Let $$(-a+b+c)(a-b+c)(a+b-c)=S$$ $$\Rightarrow S=(-a+b+c)\{a-(b-c)\}\{a+(b-c)\}$$ $$\Rightarrow S=(-a+b+c)\{a^2-(b-c)^2\} $$ $$\Rightarrow S= (-a+b+c)\{a^2-b^2-c^2+2bc\}$$ $$\Rightarrow S=-(a^3+b^3+c^3)-2abc+b^2c+bc^2+ab^2+a^2b+ac^2+a^2c $$ $$\Rightarrow abc-S=(a^3+b^3+c^3)+3abc-(b^2c+bc^2+ab^2+a^2b+ac^2+a^2c) $$ $$\Rightarrow abc-S=(a^3-a^2b)+(b^3-b^2c)+(c^3-c^2a)+(abc-bc^2)+(abc-ab^2)+(abc-a^2c) $$$$\Rightarrow abc-S=a^2(a-b)+b^2(b-c)+c^2(c-a)+bc(a-c)+ab(c-b)+ac(b-a) $$ $$\Rightarrow abc-S=a(a-b)(a-c)+b(b-c)(b-a)+c(c-a)(c-b)$$ $$\Rightarrow abc-S=(a-b)\{a(a-c)-b(b-c)\}+c(c-a)(c-b)$$ $$\Rightarrow abc-S=(a-b)^2\{a^2-b^2+c(b-a)\}+c(c-a)(c-b)$$ $$\Rightarrow abc-S=(a-b)^2\{a+b-c\}+c(c-a)(c-b)$$ Now $(c-a) \le 0$ and $(c-b) \le 0$ $$\Rightarrow c(c-a)(c-b)\ge 0 $$ and $$ (a-b)^2(a+b-c) \ge 0$$ This shows $$ abc-S \ge 0$$ $$\Rightarrow abc\ge S$$ $$\Rightarrow abc\ge (-a+b+c)(a-b+c)(a+b-c) $$


Note that no two of $(-a+b+c)$, $(a-b+c)$, and $(a+b-c)$ can be negative. If so, then one of $$ \begin{align} (a-b+c)+(a+b-c)&=2a\\ (a+b-c)+(-a+b+c)&=2b\\ (-a+b+c)+(a-b+c)&=2c \end{align} $$ would be negative, but each of $a$, $b$, and $c$ is positive. Thus, at most one can be negative. If only one were negative, then the product on the left would be non-positive and the inequality would be trivial. Therefore, we can assume that $a$, $b$, and $c$ are sides of a triangle.

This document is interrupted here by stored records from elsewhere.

lemma prob_sum_floor_diffs_ge:
  fixes I :: "'i set" and A B :: "'i \<Rightarrow> real" and c n :: real
  assumes "finite I" and "0 < c" and "real (card I) \<le> n"
  defines "M \<equiv> PiM I (\<lambda>_. uniform_measure lborel {0..1::real})"
    and "F \<equiv> {\<alpha> \<in> space (PiM I (\<lambda>_. uniform_measure lborel {0..1::real})).
                 (\<Sum>i\<in>I. B i - A i) + c \<le>
                 (\<Sum>i\<in>I. real_of_int (\<lfloor>B i - \<alpha> i\<rfloor> - \<lfloor>A i - \<alpha> i\<rfloor>))}"
  shows "F \<in> sets M \<and> measure M F \<le> exp (- 2 * c\<^sup>2 / n)"
proof (cases "I = {}")
  case True
  then have "F = {}"
    using \<open>0 < c\<close> unfolding F_def by simp
  then show ?thesis
    by simp
next
  case False
  let ?U = "uniform_measure lborel {0..1::real}"
  define X where "X = (\<lambda>i (\<alpha> :: 'i \<Rightarrow> real). real_of_int (\<lfloor>B i - \<alpha> i\<rfloor> - \<lfloor>A i - \<alpha> i\<rfloor>))"
  define a where "a = (\<lambda>i. real_of_int \<lfloor>B i - A i\<rfloor>)"
  interpret U: prob_space ?U
    by (rule prob_space_uniform_measure) simp_all
  interpret M: prob_space M
    unfolding M_def by (rule prob_space_PiM) (rule U.prob_space_axioms)
  have offset_measurable:
    "(\<lambda>v. real_of_int (\<lfloor>B i - v\<rfloor> - \<lfloor>A i - v\<rfloor>)) \<in> borel_measurable ?U" for i
    by measurable
  have "M.indep_vars (\<lambda>_. ?U) (\<lambda>i \<alpha>. \<alpha> i) I"
    unfolding M_def by (rule indep_vars_PiM_components[OF False U.prob_space_axioms])
  then have indep: "M.indep_vars (\<lambda>_. borel) X I"
    unfolding X_def by (rule M.indep_vars_compose2[OF _ offset_measurable])
  have expectation: "M.expectation (X i) = B i - A i" if "i \<in> I" for i
  proof -
    have "M.expectation (X i)
            = integral\<^sup>L (distr M ?U (\<lambda>\<alpha>. \<alpha> i)) (\<lambda>v. real_of_int (\<lfloor>B i - v\<rfloor> - \<lfloor>A i - v\<rfloor>))"
      unfolding X_def M_def
      by (rule integral_distr[symmetric]) (auto intro: measurable_component_singleton that)
    also have "distr M ?U (\<lambda>\<alpha>. \<alpha> i) = ?U"
      unfolding M_def by (rule distr_PiM_component) (auto intro: U.prob_space_axioms that)
    also have "integral\<^sup>L ?U (\<lambda>v. real_of_int (\<lfloor>B i - v\<rfloor> - \<lfloor>A i - v\<rfloor>)) = (B i - 1) - (A i - 1)"
      using has_bochner_integral_diff[OF has_bochner_integral_floor_uniform has_bochner_integral_floor_uniform]
      by (simp add: has_bochner_integral_integral_eq)
    finally show ?thesis by simp
  qed
  interpret Hoeffding_ineq M I X a "\<lambda>i. real_of_int (\<lfloor>B i - A i\<rfloor> + 1)"
      "\<Sum>i\<in>I. M.expectation (X i)"
  proof unfold_locales
    show "AE \<alpha> in M. X i \<alpha> \<in> {a i..real_of_int (\<lfloor>B i - A i\<rfloor> + 1)}" for i
      unfolding X_def a_def atLeastAtMost_iff of_int_le_iff
      by (intro AE_I2 floor_diff_sub_floor_diff_bounds)
  qed (simp_all add: \<open>finite I\<close> indep)
  have F_eq: "F = {\<alpha> \<in> space M. (\<Sum>i\<in>I. B i - A i) + c \<le> (\<Sum>i\<in>I. X i \<alpha>)}"
    unfolding F_def X_def M_def ..
  have "(\<lambda>\<alpha>. \<Sum>i\<in>I. X i \<alpha>) \<in> borel_measurable M"
    by (intro borel_measurable_sum random_variable)
  then have "F \<in> sets M"
    unfolding F_eq borel_measurable_iff_ge by blast
  have "measure M F \<le> exp (- 2 * c\<^sup>2 / real (card I))"
    unfolding F_eq
    using Hoeffding_ineq_ge[of c] \<open>0 < c\<close> \<open>finite I\<close> False
    by (simp add: expectation a_def card_gt_0_iff)
  also have "\<dots> \<le> exp (- 2 * c\<^sup>2 / n)"
  proof -
    have "0 < real (card I)"
      using \<open>finite I\<close> False by (simp add: card_gt_0_iff)
    then show ?thesis
      using \<open>real (card I) \<le> n\<close> by (simp add: frac_le)
  qed
  finally show ?thesis
    using \<open>F \<in> sets M\<close> by simp
qed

By Heron's Formula, a triangle with sides of length $a$, $b$, and $c$, has area $A$ where $$ (a+b+c)(-a+b+c)(a-b+c)(a+b-c)=16A^2\tag{1} $$ Let $r$ be the radius of the inscribed circle and $R$ be the radius of the circumscribed circle. Then $$ 2A=r(a+b+c)\tag{2} $$ and $$ 4AR=abc\tag{3} $$ Putting together $(1)$-$(3)$ yields $$ (-a+b+c)(a-b+c)(a+b-c)R=2rabc\tag{4} $$ The distance $d$ between the incenter and circumcenter is given by $$ d^2=R(R-2r)\tag{5} $$ Combining $(4)$ and $(5)$ gives $$ \begin{align} (-a+b+c)(a-b+c)(a+b-c) &=\left(1-\frac{d^2}{R^2}\right)abc\\[6pt] &\le abc\tag{6} \end{align} $$


Justifications of $(2)$, $(3)$, and $(5)$ can be found in this answer.